Through a mix of strategic relocations and continued support for our existing industry, Austin’s life sciences cluster has evolved into a well-rounded representation of the industry as a whole. Over 200 life sciences companies in the region, and a workforce of nearly 12,300 is focused on the highest growth segments and research areas in the industry, including the specialties of biologics, medical devices, diagnostics, pharmaceutical, contract research, and others. We’re in good company: more than 3,700 companies with 93,800 workers make the State of Texas one of the leading biotech states in the country.

Austin’s Life Sciences Industry
•Medical device/diagnostics (33%)
•Biologics/biotech (12%)
•Contract Research Organizations (17%)
•Pharmaceuticals (16%)
•Other (22%)

Q. Does Austin have enough talent in the life sciences field to support the growing industry here?

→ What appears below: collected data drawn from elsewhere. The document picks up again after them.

(* Let $N\ge 1$, let $K^{(1)},\ldots,K^{(N)}$ be positive integers, let $L=\sum_{i=1}^N K^{(i)}$, and let $M\ge 1$. For each $i$, let $P^{(i)}\in\{0,1\}^{K^{(i)}\times M}$ be a row-partial permutation matrix, let $P\in\mathbb{R}^{L\times M}$ be the vertical stacking of $P^{(1)},\ldots,P^{(N)}$, and set $Q:=PP^{\top}\in\mathbb{R}^{L\times L}$ (uncorrupted data; the cost matrix is $C=-Q$). Consider the following three optimization problems over symmetric $X\in\mathbb{R}^{L\times L}$ (blocks $X^{(i,j)}\in\mathbb{R}^{K^{(i)}\times K^{(j)}}$ indexed conformally with $P$): (i) (strong SDP) maximize $\mathrm{Tr}[QX]$ subject to $X^{(i,i)}=\mathbf{I}_{K^{(i)}}$ for $i=1,\ldots,N$ and $X\succeq 0$; (ii) (weak SDP) maximize $\mathrm{Tr}[QX]$ subject to $\mathrm{diag}(X)=\mathbf{1}_L$, $\mathrm{Tr}\big[X^{(i,i)}\tfrac{\mathbf{1}_{K^{(i)}}\mathbf{1}_{K^{(i)}}^{\top}}{K^{(i)}}\big]=1$ for $i=1,\ldots,N$, and $X\succeq 0$; (iii) (GW-type SDP) maximize $\mathrm{Tr}[QX]$ subject to $\mathrm{diag}(X)=\mathbf{1}_L$ and $X\succeq 0$. Then $X^{\star}:=Q$ is an optimal solution of each of (i), (ii), (iii). Moreover, for each of these problems, among all of its optimal solutions $X$, $X^{\star}$ minimizes $S(X)$.
   Context: A row-partial permutation matrix $P^{(i)}\in\{0,1\}^{K^{(i)}\times M}$ is a matrix consisting of a subset of rows of an $M\times M$ permutation matrix, i.e., each row contains exactly one $1$ and each column contains at most one $1$. $\mathbf{1}_n$ is the all-ones vector in $\mathbb{R}^n$ and $\mathbf{I}_n$ the $n\times n$ identity. For a positive semidefinite matrix $X$, the von Neumann entropy functional is $S(X):=\mathrm{Tr}[X\log X]-\mathrm{Tr}[X]$ (with the convention $0\log 0=0$ on the eigenvalues). *)

theory Defs
  imports "Jordan_Normal_Form.Char_Poly" "HOL-Computational_Algebra.Polynomial"
begin

definition mtrace :: "real mat \<Rightarrow> real" where
  "mtrace A = (\<Sum>i<dim_row A. A $$ (i,i))"

definition row_partial_perm :: "nat \<Rightarrow> nat \<Rightarrow> real mat \<Rightarrow> bool" where
  "row_partial_perm k m A \<longleftrightarrow> A \<in> carrier_mat k m \<and>
     (\<forall>r<k. \<forall>c<m. A $$ (r,c) = 0 \<or> A $$ (r,c) = 1) \<and>
     (\<forall>r<k. \<exists>!c. c < m \<and> A $$ (r,c) = 1) \<and>
     (\<forall>c<m. \<forall>r1<k. \<forall>r2<k. A $$ (r1,c) = 1 \<and> A $$ (r2,c) = 1 \<longrightarrow> r1 = r2)"

definition blk_off :: "(nat \<Rightarrow> nat) \<Rightarrow> nat \<Rightarrow> nat" where
  "blk_off K i = (\<Sum>j<i. K j)"

definition blk_idx :: "(nat \<Rightarrow> nat) \<Rightarrow> nat \<Rightarrow> nat" where
  "blk_idx K r = (LEAST i. r < blk_off K (Suc i))"

definition vstack :: "nat \<Rightarrow> (nat \<Rightarrow> nat) \<Rightarrow> nat \<Rightarrow> (nat \<Rightarrow> real mat) \<Rightarrow> real mat" where
  "vstack N K M Ps = mat (blk_off K N) M
     (\<lambda>(r,c). Ps (blk_idx K r) $$ (r - blk_off K (blk_idx K r), c))"

definition blk :: "(nat \<Rightarrow> nat) \<Rightarrow> real mat \<Rightarrow> nat \<Rightarrow> nat \<Rightarrow> real mat" where
  "blk K X i j = mat (K i) (K j) (\<lambda>(r,c). X $$ (blk_off K i + r, blk_off K j + c))"

definition psd :: "nat \<Rightarrow> real mat \<Rightarrow> bool" where
  "psd n X \<longleftrightarrow> X \<in> carrier_mat n n \<and> (\<forall>v \<in> carrier_vec n. v \<bullet> (X *\<^sub>v v) \<ge> 0)"

definition sym_mat :: "nat \<Rightarrow> real mat \<Rightarrow> bool" where
  "sym_mat n X \<longleftrightarrow> X \<in> carrier_mat n n \<and> transpose_mat X = X"

definition strong_feas :: "nat \<Rightarrow> (nat \<Rightarrow> nat) \<Rightarrow> real mat set" where
  "strong_feas N K = {X. sym_mat (blk_off K N) X \<and> psd (blk_off K N) X \<and>
      (\<forall>i<N. blk K X i i = 1\<^sub>m (K i))}"

definition weak_feas :: "nat \<Rightarrow> (nat \<Rightarrow> nat) \<Rightarrow> real mat set" where
  "weak_feas N K = {X. sym_mat (blk_off K N) X \<and> psd (blk_off K N) X \<and>
      (\<forall>r < blk_off K N. X $$ (r,r) = 1) \<and>
      (\<forall>i<N. mtrace (blk K X i i * ((1 / real (K i)) \<cdot>\<^sub>m mat (K i) (K i) (\<lambda>_. 1))) = 1)}"

definition gw_feas :: "nat \<Rightarrow> (nat \<Rightarrow> nat) \<Rightarrow> real mat set" where
  "gw_feas N K = {X. sym_mat (blk_off K N) X \<and> psd (blk_off K N) X \<and>
      (\<forall>r < blk_off K N. X $$ (r,r) = 1)}"

definition is_opt :: "real mat set \<Rightarrow> real mat \<Rightarrow> real mat \<Rightarrow> bool" where
  "is_opt F Q X \<longleftrightarrow> X \<in> F \<and> (\<forall>Y\<in>F. mtrace (Q * Y) \<le> mtrace (Q * X))"

definition ent_fun :: "real \<Rightarrow> real" where
  "ent_fun x = (if x = 0 then 0 else x * ln x) - x"

(* S(X) = Tr[X log X] - Tr[X] = sum over the eigenvalues (with multiplicity,
   i.e. roots of the characteristic polynomial) of ent_fun *)
definition vn_entropy :: "real mat \<Rightarrow> real" where
  "vn_entropy X = sum_mset (image_mset ent_fun (proots (char_poly X)))"

end

theory Submission
  imports Defs
begin

text \<open>Each row of \<open>P\<close> selects one column, so \<open>Q\<^sub>r\<^sub>s = 1\<close> if rows \<open>r\<close> and \<open>s\<close> select the same
  column and \<open>Q\<^sub>r\<^sub>s = 0\<close> otherwise: \<open>Q\<close> is the 0/1 matrix of a partition of the rows into
  clusters, and rows of one block lie in distinct clusters, so \<open>Q\<close> is feasible for the strong
  SDP and hence for all three. Every feasible \<open>X\<close> is a correlation matrix, so \<open>X\<^sub>r\<^sub>s \<le> 1\<close> and
  \<open>Tr[QX] \<le> Tr[QQ]\<close>, with equality only if \<open>X\<^sub>r\<^sub>s = 1\<close> on every cluster; positive
  semidefiniteness then makes the columns of \<open>X\<close> constant on clusters. In an orthonormal
  eigenbasis of \<open>Q\<close> adapted to the clusters, \<open>X\<close> has the same diagonal as \<open>Q\<close>, namely the
  spectrum of \<open>Q\<close>. Since the diagonal of \<open>X\<close> in any orthonormal basis is a doubly stochastic
  average of its spectrum, convexity of \<open>x log x - x\<close> gives \<open>S(Q) \<le> S(X)\<close>.\<close>

lemma index_mult_mat_sum:
  assumes "A \<in> carrier_mat n k" "B \<in> carrier_mat k m" "i < n" "j < m"
  shows "(A * B) $$ (i,j) = (\<Sum>l<k. A $$ (i,l) * B $$ (l,j))"
  using assms by (auto simp: scalar_prod_def atLeast0LessThan intro!: sum.cong)

lemma index_mult_mat_vec_sum:
  assumes "A \<in> carrier_mat n k" "v \<in> carrier_vec k" "i < n"
  shows "(A *\<^sub>v v) $ i = (\<Sum>l<k. A $$ (i,l) * v $ l)"
  using assms by (auto simp: scalar_prod_def atLeast0LessThan intro!: sum.cong)

lemma scalar_prod_sum:
  assumes "v \<in> carrier_vec n" "w \<in> carrier_vec n"
  shows "v \<bullet> w = (\<Sum>l<n. v $ l * w $ l)"
  using assms by (auto simp: scalar_prod_def atLeast0LessThan)

lemma mtrace_mult:
  assumes "A \<in> carrier_mat n m" "B \<in> carrier_mat m n"
  shows "mtrace (A * B) = (\<Sum>i<n. \<Sum>j<m. A $$ (i,j) * B $$ (j,i))"
  using assms unfolding mtrace_def
  by (auto simp: index_mult_mat_sum[OF assms] simp del: index_mult_mat(1) intro!: sum.cong)

lemma sym_matD: "sym_mat n A \<Longrightarrow> i < n \<Longrightarrow> j < n \<Longrightarrow> A $$ (j,i) = A $$ (i,j)"
  unfolding sym_mat_def by (metis carrier_matD index_transpose_mat(1))

lemma bilinear_form_sum:
  assumes "A \<in> carrier_mat n n" "x \<in> carrier_vec n" "y \<in> carrier_vec n"
  shows "x \<bullet> (A *\<^sub>v y) = (\<Sum>i<n. \<Sum>j<n. x $ i * A $$ (i,j) * y $ j)"
  using assms by (auto simp: scalar_prod_def sum_distrib_left atLeast0LessThan ac_simps intro!: sum.cong)

lemma sym_mat_bilinear_form_commute:
  assumes "sym_mat n A" "x \<in> carrier_vec n" "y \<in> carrier_vec n"
  shows "x \<bullet> (A *\<^sub>v y) = y \<bullet> (A *\<^sub>v x)"
proof -
  have A: "A \<in> carrier_mat n n" using assms(1) unfolding sym_mat_def by simp
  have "x \<bullet> (A *\<^sub>v y) = (\<Sum>j<n. \<Sum>i<n. x $ i * A $$ (i,j) * y $ j)"
    using bilinear_form_sum[OF A assms(2,3)] sum.swap by simp
  also have "\<dots> = y \<bullet> (A *\<^sub>v x)"
    using assms by (simp add: bilinear_form_sum[OF A] sym_matD ac_simps)
  finally show ?thesis .
qed

lemma scalar_prod_self_pos:
  fixes v :: "real vec"
  assumes "v \<in> carrier_vec n" "v \<noteq> 0\<^sub>v n"
  shows "v \<bullet> v > 0"
proof -
  obtain i0 where i0: "i0 < n" "v $ i0 \<noteq> 0"
    using assms by (metis carrier_vecD eq_vecI index_zero_vec)
  then have "0 < v $ i0 * v $ i0" using not_real_square_gt_zero by blast
  then have "0 < (\<Sum>l<n. v $ l * v $ l)" using i0(1) by (intro sum_pos2[of _ i0]) auto
  then show ?thesis using assms(1) by (simp add: scalar_prod_sum)
qed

MS: In the Austin metro area, you’ll find a combined enrollment of 177,000 students in four-year and community colleges. This provides an ample supply of well-educated workers to area employers. The student population within 100 miles of Austin exceeds 414,000, providing one of the world’s strongest talent pools. Life and physical scientists number over 4,500 in the metropolitan area’s workforce—approximately 43% of those are in life sciences fields.

With a strong talent pipeline and rapid emerging growth surrounding our development and growth phase, Austin will continue to add a deeper bench of talent that will be attracted to the unparalleled new opportunities, as we set our vision as a model healthy city of Healthcare innovation.

Q. What is going to set Austin apart from other healthcare centers around the country and world? What are the key factors we need to accomplish this vision?

MS: Leveraging the creative spirit of Austin that itself in innovation is key to this success.

Collaboration is key. Both inter-industry and inter-organizational collaboration is essential to the success of the community. Austin’s current high-growth industries within technology – creative/digital media, data management and life sciences/healthcare – have natural synergies that can create a whole greater than the sum of its parts, if proactive collaboration is sought.

Investing in knowledge communities. The importance of knowledge communities cannot be overstated, particularly in the life sciences field. The primary source of funding for medical research comes from the National Institutes of Health, which has been consistently declining in recent years, driving the need for additional autonomous research pipelines. Austin is working towards the creation of an innovation growth strategy that seeks to provide research testing facilities and incubators for early stage life science companies.

Everything rests on talent. Talent supply is the currency of innovation. While Austin has among the strongest workforces in the country –since 2000, more than 225,000 people with a bachelor’s degree or higher have moved to Austin – we must do more, particularly in the realm of middle class job creation and re-training. Programs at UT and Austin Community College (ACC) are pioneering efforts in short-term skills certification, and have an opportunity to provide far greater resources with their recent expansion and enhanced offerings.

Know your strengths – and be honest about your challenges. Austin has a unique opportunity to approach the next phase in its evolution in a way that’s exclusively Austin – focused on lifestyle and a thoughtful, creative and inclusive community. Austin should focus on being a better Austin, not becoming Silicon Valley. Austin has phenomenal things happening in music, art, technology and culture, and projects should stitch all of those things together. A current challenge for Austin is a gap in the talent pool focused on life sciences, but convergence from its strength sectors within technology will go a long way towards influencing digital and software driven innovation that has applications in healthcare.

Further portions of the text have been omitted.